President Trump‘s allies and legal experts faced new questions on Sunday about the legal ramifications of the revelation that the president dictated a letter about a 2016 meeting between his campaign aides and a Russian lawyer, even as his lawyers argue he can’t obstruct justice in the special counsel’s probe.
“Jay Sekulow said time and time again directly into the faces of the American people on television — Sarah [Huckabee] Sanders did the same thing, and said in no uncertain terms … they said the president had nothing to do with that statement by Donald Trump Jr. and didn’t draft it, didn’t sign off on it,” former U.S. Attorney Preet Bharara said on CNN’s “State of the Union.”
“And it turns out that is completely untrue,” he said.
Bharara — who was fired by Trump last year — added that, when looked at in full context, the events surrounding the Trump Tower meeting and subsequent fallout may put the president or some of his allies in legal jeopardy.
“You have the lawyer of the president of the United States, Jay Sekulow — and, on separate occasions, you have had Rudy Giuliani do this — basically lie to the American people repeatedly,” Bharara said.

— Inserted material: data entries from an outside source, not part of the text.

lemma degree_skew_mult:
  assumes "p \<noteq> 0" "r \<noteq> 0"
  shows "degree (skew_mult th p r) = degree p + degree r"
proof -
  let ?d = "degree p + degree r"
  let ?t = "\<lambda>k i. coeff p i * (if even i then coeff r (k - i) else th (coeff r (k - i)))"
  have vanish: "?t k i = 0" if "i \<le> k" "i \<noteq> degree p" "?d \<le> k" for k i
  proof (cases "i < degree p")
    case True
    with that have "coeff r (k - i) = 0" by (intro coeff_eq_0) linarith
    then show ?thesis by simp
  next
    case False
    with that have "coeff p i = 0" by (intro coeff_eq_0) linarith
    then show ?thesis by simp
  qed
  have coeff_top: "coeff (skew_mult th p r) k =
      (if degree p \<le> k then ?t k (degree p) else 0)" if "?d \<le> k" for k
  proof -
    have "coeff (skew_mult th p r) k = (\<Sum>i\<le>k. if i = degree p then ?t k i else 0)"
      unfolding coeff_skew_mult using vanish[OF _ _ that] by (intro sum.cong) auto
    then show ?thesis by simp
  qed
  have "coeff (skew_mult th p r) k = 0" if "?d < k" for k
    using coeff_top[of k] that by (simp add: coeff_eq_0)
  then have "degree (skew_mult th p r) \<le> ?d" by (intro degree_le) auto
  moreover have "coeff (skew_mult th p r) ?d \<noteq> 0"
    using coeff_top[of ?d] assms by simp
  ultimately show ?thesis using le_degree by (intro antisym)
qed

“And if you are going to take the position, like they do in the sweeping letter about executive authority, that the president is in a special position in various ways, then I think the lawyers to the president have a special responsibility not to come on television and lie.”

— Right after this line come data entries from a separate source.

lemma tendsto_ln_mgf_K_div:
  fixes nn :: "real \<Rightarrow> nat" and u \<alpha> :: "real \<Rightarrow> real"
  assumes n_pos: "eventually (\<lambda>\<theta>. nn \<theta> \<ge> 1) at_top"
    and \<alpha>_pos: "eventually (\<lambda>\<theta>. \<alpha> \<theta> > 0) at_top"
    and main: "((\<lambda>\<theta>. \<theta> * ewens_lmgf (exp (u \<theta>)) (real (nn \<theta>) / \<theta>) / \<alpha> \<theta>) \<longlongrightarrow> L) at_top"
    and error: "((\<lambda>\<theta>. (ln (1 + real (nn \<theta>) / (\<theta> * exp (u \<theta>))) + ln (1 + real (nn \<theta>) / \<theta>)) / \<alpha> \<theta>)
                  \<longlongrightarrow> 0) at_top"
  shows "((\<lambda>\<theta>. ln (mgf_K (nn \<theta>) \<theta> (u \<theta>)) / \<alpha> \<theta>) \<longlongrightarrow> L) at_top"
proof -
  let ?P = "\<lambda>\<theta>. \<theta> * ewens_lmgf (exp (u \<theta>)) (real (nn \<theta>) / \<theta>) / \<alpha> \<theta>"
  have "((\<lambda>\<theta>. ln (mgf_K (nn \<theta>) \<theta> (u \<theta>)) / \<alpha> \<theta> - ?P \<theta>) \<longlongrightarrow> 0) at_top"
  proof (rule Lim_null_comparison[OF _ error])
    show "eventually (\<lambda>\<theta>. norm (ln (mgf_K (nn \<theta>) \<theta> (u \<theta>)) / \<alpha> \<theta> - ?P \<theta>)
        \<le> (ln (1 + real (nn \<theta>) / (\<theta> * exp (u \<theta>))) + ln (1 + real (nn \<theta>) / \<theta>)) / \<alpha> \<theta>) at_top"
      using n_pos \<alpha>_pos eventually_gt_at_top[of 0]
    proof eventually_elim
      case (elim \<theta>)
      then show ?case
        using ln_mgf_K_approx[of \<theta> "nn \<theta>" "u \<theta>"]
        by (simp add: diff_divide_distrib[symmetric] divide_right_mono)
    qed
  qed
  from tendsto_add[OF this main] show ?thesis by simp
qed

lemma ln_powr_add_div_ln_tendsto:
  fixes a c :: real
  assumes "c > 0"
  shows "((\<lambda>x. ln (x powr a + c) / ln x) \<longlongrightarrow> max a 0) at_top"
proof -
  consider "a > 0" | "a = 0" | "a < 0" by linarith
  then show ?thesis
  proof cases
    case 2
    have "((\<lambda>x::real. ln (1 + c) / ln x) \<longlongrightarrow> 0) at_top" by real_asymp
    moreover have "eventually (\<lambda>x::real. ln (1 + c) / ln x = ln (x powr a + c) / ln x) at_top"
      using eventually_gt_at_top[of 1] by eventually_elim (simp add: 2 add.commute)
    ultimately show ?thesis using 2 by (simp add: tendsto_cong)
  qed (use assms in \<open>real_asymp+\<close>)
qed

lemma ln_mgf_K_tendsto_case_A:
  assumes "n \<ge> 1"
  shows "((\<lambda>\<theta>. ln (mgf_K n \<theta> (ln \<theta> * t)) / ln \<theta>) \<longlongrightarrow> Lambda1 n t) at_top"
proof -
  obtain k where k: "n = Suc k" using assms by (cases n) auto
  define f where "f j \<theta> = ln (\<theta> powr (1 + t) + real j) / ln \<theta> - ln (\<theta> powr 1 + real j) / ln \<theta>"
    for j \<theta>
  have "eventually (\<lambda>\<theta>. f 0 \<theta> = t) at_top"
    using eventually_gt_at_top[of 1] by eventually_elim (simp add: f_def ln_powr field_simps)
  then have "(f 0 \<longlongrightarrow> t) at_top" by (simp add: tendsto_eventually)
  moreover have "(f (Suc j) \<longlongrightarrow> max (1 + t) 0 - max 1 0) at_top" for j
    unfolding f_def by (intro tendsto_diff ln_powr_add_div_ln_tendsto) auto
  ultimately have "((\<lambda>\<theta>. f 0 \<theta> + (\<Sum>j<k. f (Suc j) \<theta>))
      \<longlongrightarrow> t + (\<Sum>j<k. max (1 + t) 0 - max 1 0)) at_top"
    by (intro tendsto_add tendsto_sum)
  moreover have "t + (\<Sum>j<k. max (1 + t) 0 - max 1 0) = Lambda1 n t"
    unfolding Lambda1_def k by (auto simp: max_def algebra_simps)
  moreover have "eventually (\<lambda>\<theta>. f 0 \<theta> + (\<Sum>j<k. f (Suc j) \<theta>)
      = ln (mgf_K n \<theta> (ln \<theta> * t)) / ln \<theta>) at_top"
    using eventually_gt_at_top[of 1]
  proof eventually_elim
    case (elim \<theta>)
    have "\<theta> * exp (ln \<theta> * t) = \<theta> powr (1 + t)"
      using elim by (simp add: powr_def exp_add algebra_simps)
    then have "(\<Sum>j<n. f j \<theta>) = ln (mgf_K n \<theta> (ln \<theta> * t)) / ln \<theta>"
      using ln_mgf_K_eq_sum[of \<theta> n "ln \<theta> * t"] elim assms
      by (simp add: f_def sum_divide_distrib sum_subtractf diff_divide_distrib)
    then show ?case unfolding k sum.lessThan_Suc_shift .
  qed
  ultimately show ?thesis by (simp add: tendsto_cong)
qed

lemma ewens_lmgf_proportional:
  assumes "s > 0" "x > 0" "L \<noteq> 0"
  shows "ewens_lmgf s (x * s) / (x * s * L)
    = ln s / L + ((1 / x + 1) * ln (1 + x) - (1 / (x * s) + 1) * ln (1 + x * s)) / L"
proof -
  have "s + x * s = s * (1 + x)" by (simp add: algebra_simps)
  then have "ln (s + x * s) = ln s + ln (1 + x)" using assms by (simp add: ln_mult)
  then show ?thesis unfolding ewens_lmgf_def using assms by (simp add: field_simps)
qed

The New York Times reported Saturday that Trump’s lawyers wrote to special counsel Robert Mueller in January arguing that the president cannot commit obstruction of justice in the special counsel’s probe because of his constitutional authority over the investigation.
The letter also confirms that Trump dictated a statement to The New York Times about the June 2016 meeting at Trump Tower between Donald Trump Jr., other Trump campaign aides and a Russian lawyer who promised damaging information on Hillary Clinton.
Sekulow, one of Trump’s attorneys who wrote the letter to Mueller, previously denied that the president had any involvement with the statement.
Sanders, the White House press secretary, said last August that Trump may have given suggestions on the statement “as any father would,” but denied that he dictated it.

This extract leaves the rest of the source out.